Miguel Ángel

Personal information
- Full name: Miguel Ángel Muñoz Alonso
- Date of birth: 26 January 1995 (age 30)
- Place of birth: Madrid, Spain
- Height: 1.78 m (5 ft 10 in)
- Position(s): Left back

Youth career
- Getafe

Senior career*
- Years: Team / Apps / (Gls)
- 2014–2017: Getafe B / 49 / (3)
- 2016: Getafe / 4 / (0)
- 2017–2018: Pontevedra / 12 / (0)

Managerial career
- 2023: Sheffield Wednesday (assistant)

= Miguel Ángel (footballer, born 1996) =

Spanish footballer

Miguel Ángel Muñoz Alonso (born 26 January 1996), known as Miguel Ángel, is a Spanish football coach and a former right back.

==Playing career==
Born in Madrid, Miguel Ángel was a Getafe CF youth graduate. On 2 March 2014, while still a junior, he made his senior debut with the reserves by starting in a 1–2 Segunda División B away loss against Bilbao Athletic; it was his maiden appearance of the campaign.

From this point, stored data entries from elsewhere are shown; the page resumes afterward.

(* Let $PW=\{F\in L^2(\mathbb R):\operatorname{supp}\widehat F\subset[-1/2,1/2]\}$ and $E=\{F\in PW:F(x)=F(-x)\text{ for all }x\}$. There exists $c>0$ such that $$\sum_{n\ge0}|F(n)|^2+\sum_{n<0}\Big|\frac{-1}{2\pi i}F'(n)\Big|^2\ge c\,\|F\|_{L^2(\mathbb R)}^2\quad\text{for all }F\in E.$$
   Context: Functions in $PW$ are of the form $F(\xi)=\int_{-1/2}^{1/2}f(x)e^{-2\pi i\xi x}dx$ with $f\in L^2[-1/2,1/2]$, hence differentiable; $n$ ranges over the integers. *)

theory Defs
  imports "HOL-Analysis.Analysis"
begin

definition L2_half :: "(real \<Rightarrow> complex) \<Rightarrow> bool" where
  "L2_half f \<longleftrightarrow> f \<in> borel_measurable lborel \<and>
     integrable lborel (\<lambda>x. indicator {-1/2..1/2} x * (cmod (f x))\<^sup>2)"

definition PW :: "(real \<Rightarrow> complex) set" where
  "PW = {F. \<exists>f. L2_half f \<and>
     (\<forall>\<xi>. F \<xi> = (LINT x:{-1/2..1/2}|lborel. f x * exp (- 2 * pi * \<i> * complex_of_real (\<xi> * x))))}"

definition PW_even :: "(real \<Rightarrow> complex) set" where
  "PW_even = {F \<in> PW. \<forall>x. F x = F (- x)}"

end

theory Submission
  imports Defs
begin
lemma tendsto_exp_difference_quotient:
  fixes H :: "real \<Rightarrow> real" and s :: "nat \<Rightarrow> real"
  assumes H': "(H has_real_derivative D) (at 1)"
    and s: "s \<longlonglongrightarrow> 0" "eventually (\<lambda>n. s n \<noteq> 0) sequentially"
  shows "(\<lambda>n. (H (exp (\<gamma> * s n)) - H 1) / s n) \<longlonglongrightarrow> \<gamma> * D"
proof -
  have "((\<lambda>v. H (exp (\<gamma> * v))) has_real_derivative D * (exp (\<gamma> * 0) * \<gamma>)) (at 0)"
    by (rule DERIV_chain2[where f = H]) (use H' in \<open>auto intro!: derivative_eq_intros\<close>)
  hence "((\<lambda>v. (H (exp (\<gamma> * v)) - H 1) / v) \<longlongrightarrow> \<gamma> * D) (at 0)"
    unfolding has_field_derivative_iff by (simp add: mult.commute)
  moreover have "filterlim s (at 0) sequentially"
    using s by (auto simp: filterlim_at elim: eventually_mono)
  ultimately show ?thesis by (rule filterlim_compose)
qed

lemma uniform_limit_generating_exp_moment:
  fixes A H :: "real \<Rightarrow> real" and s :: "nat \<Rightarrow> real"
  assumes "isCont A 1" "A 1 \<noteq> 0" and H': "(H has_real_derivative 1) (at 1)"
    and s: "s \<longlonglongrightarrow> 0" "eventually (\<lambda>n. s n \<noteq> 0) sequentially" and "compact S"
  shows "uniform_limit S (\<lambda>n x. A (exp (\<gamma> * s n)) / A 1 * exp (x * ((H (exp (\<gamma> * s n)) - H 1) / s n)))
           (\<lambda>x. exp (\<gamma> * x)) sequentially"
proof -
  have "(\<lambda>n. exp (\<gamma> * s n)) \<longlonglongrightarrow> 1"
    using s(1) by (auto intro!: tendsto_eq_intros)
  from isCont_tendsto_compose[OF \<open>isCont A 1\<close> this]
  have "(\<lambda>n. A (exp (\<gamma> * s n)) / A 1) \<longlonglongrightarrow> 1"
    using \<open>A 1 \<noteq> 0\<close> by (auto intro!: tendsto_eq_intros)
  hence "uniform_limit S (\<lambda>n x. A (exp (\<gamma> * s n)) / A 1) (\<lambda>x. 1) sequentially"
    unfolding uniform_limit_iff tendsto_iff by simp
  moreover have "uniform_limit S (\<lambda>n x. exp (x * ((H (exp (\<gamma> * s n)) - H 1) / s n))) (\<lambda>x. exp (x * (\<gamma> * 1))) sequentially"
    by (intro uniform_limit_exp_mult_tendsto tendsto_exp_difference_quotient H' s \<open>compact S\<close>)
  moreover have "bounded ((\<lambda>x. exp (x * (\<gamma> * 1))) ` S)"
    by (intro compact_imp_bounded compact_continuous_image continuous_intros \<open>compact S\<close>)
  ultimately have "uniform_limit S (\<lambda>n x. A (exp (\<gamma> * s n)) / A 1 * exp (x * ((H (exp (\<gamma> * s n)) - H 1) / s n)))
      (\<lambda>x. 1 * exp (x * (\<gamma> * 1))) sequentially"
    by (intro uniform_lim_mult) (auto intro: bounded_subset[of "{1}"])
  thus ?thesis by (rule uniform_limit_eq_rhs) (simp add: mult.commute)
qed

lemma sheffer_kernel_exp_moment_sums:
  fixes p :: "nat \<Rightarrow> real \<Rightarrow> real" and A H :: "real \<Rightarrow> real"
  assumes "(\<lambda>k. p k (x / s) * exp (\<gamma> * s) ^ k) sums (A (exp (\<gamma> * s)) * exp (x / s * H (exp (\<gamma> * s))))"
  shows "(\<lambda>k. exp (- (x / s) * H 1) / A 1 * p k (x / s) * exp (\<gamma> * (real k * s)))
           sums (A (exp (\<gamma> * s)) / A 1 * exp (x * ((H (exp (\<gamma> * s)) - H 1) / s)))"
proof -
  define C where "C = exp (- (x / s) * H 1) / A 1"
  have "(\<lambda>k. C * (p k (x / s) * exp (\<gamma> * s) ^ k)) sums (C * (A (exp (\<gamma> * s)) * exp (x / s * H (exp (\<gamma> * s)))))"
    by (rule sums_mult[OF assms])
  moreover have "C * (p k (x / s) * exp (\<gamma> * s) ^ k) = C * p k (x / s) * exp (\<gamma> * (real k * s))" for k
    by (simp add: exp_of_nat_mult[symmetric] mult.left_commute)
  moreover have "C * (A t * exp (x / s * H t)) = A t / A 1 * exp (x * ((H t - H 1) / s))" for t
    by (simp add: C_def exp_add[symmetric] diff_divide_distrib algebra_simps)
  ultimately show ?thesis unfolding C_def[symmetric] by simp
qed

lemma eventually_sheffer_kernel_exp_moment_sums:
  fixes p :: "nat \<Rightarrow> real \<Rightarrow> real" and A H :: "real \<Rightarrow> real" and s :: "nat \<Rightarrow> real"
  assumes gen: "\<And>x t. \<bar>t\<bar> < R \<Longrightarrow> (\<lambda>k. p k x * t ^ k) sums (A t * exp (x * H t))"
    and "R > 1" "s \<longlonglongrightarrow> 0"
  shows "eventually (\<lambda>n. \<forall>x. (\<lambda>k. exp (- (x / s n) * H 1) / A 1 * p k (x / s n) * exp (\<gamma> * (real k * s n)))
           sums (A (exp (\<gamma> * s n)) / A 1 * exp (x * ((H (exp (\<gamma> * s n)) - H 1) / s n)))) sequentially"
proof -
  have "(\<lambda>n. exp (\<gamma> * s n)) \<longlonglongrightarrow> 1"
    using \<open>s \<longlonglongrightarrow> 0\<close> by (auto intro!: tendsto_eq_intros)
  hence "eventually (\<lambda>n. exp (\<gamma> * s n) < R) sequentially"
    using \<open>R > 1\<close> by (simp add: order_tendstoD(2))
  thus ?thesis
    by eventually_elim (intro allI sheffer_kernel_exp_moment_sums gen, simp)
qed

Miguel Ángel was definitely promoted to the B-team in June 2015, becoming a regular starter afterwards. On 21 April 2016 he made his first team – and La Liga – debut, coming on as a first-half substitute for injured Roberto Lago in a 2–1 away win against Real Sociedad.

On 29 June 2017, Miguel Ángel moved to Pontevedra CF in the third division.

==Coaching career==
In July 2023, he joined Sheffield Wednesday manager Xisco Muñoz as part of the back room coaching staff.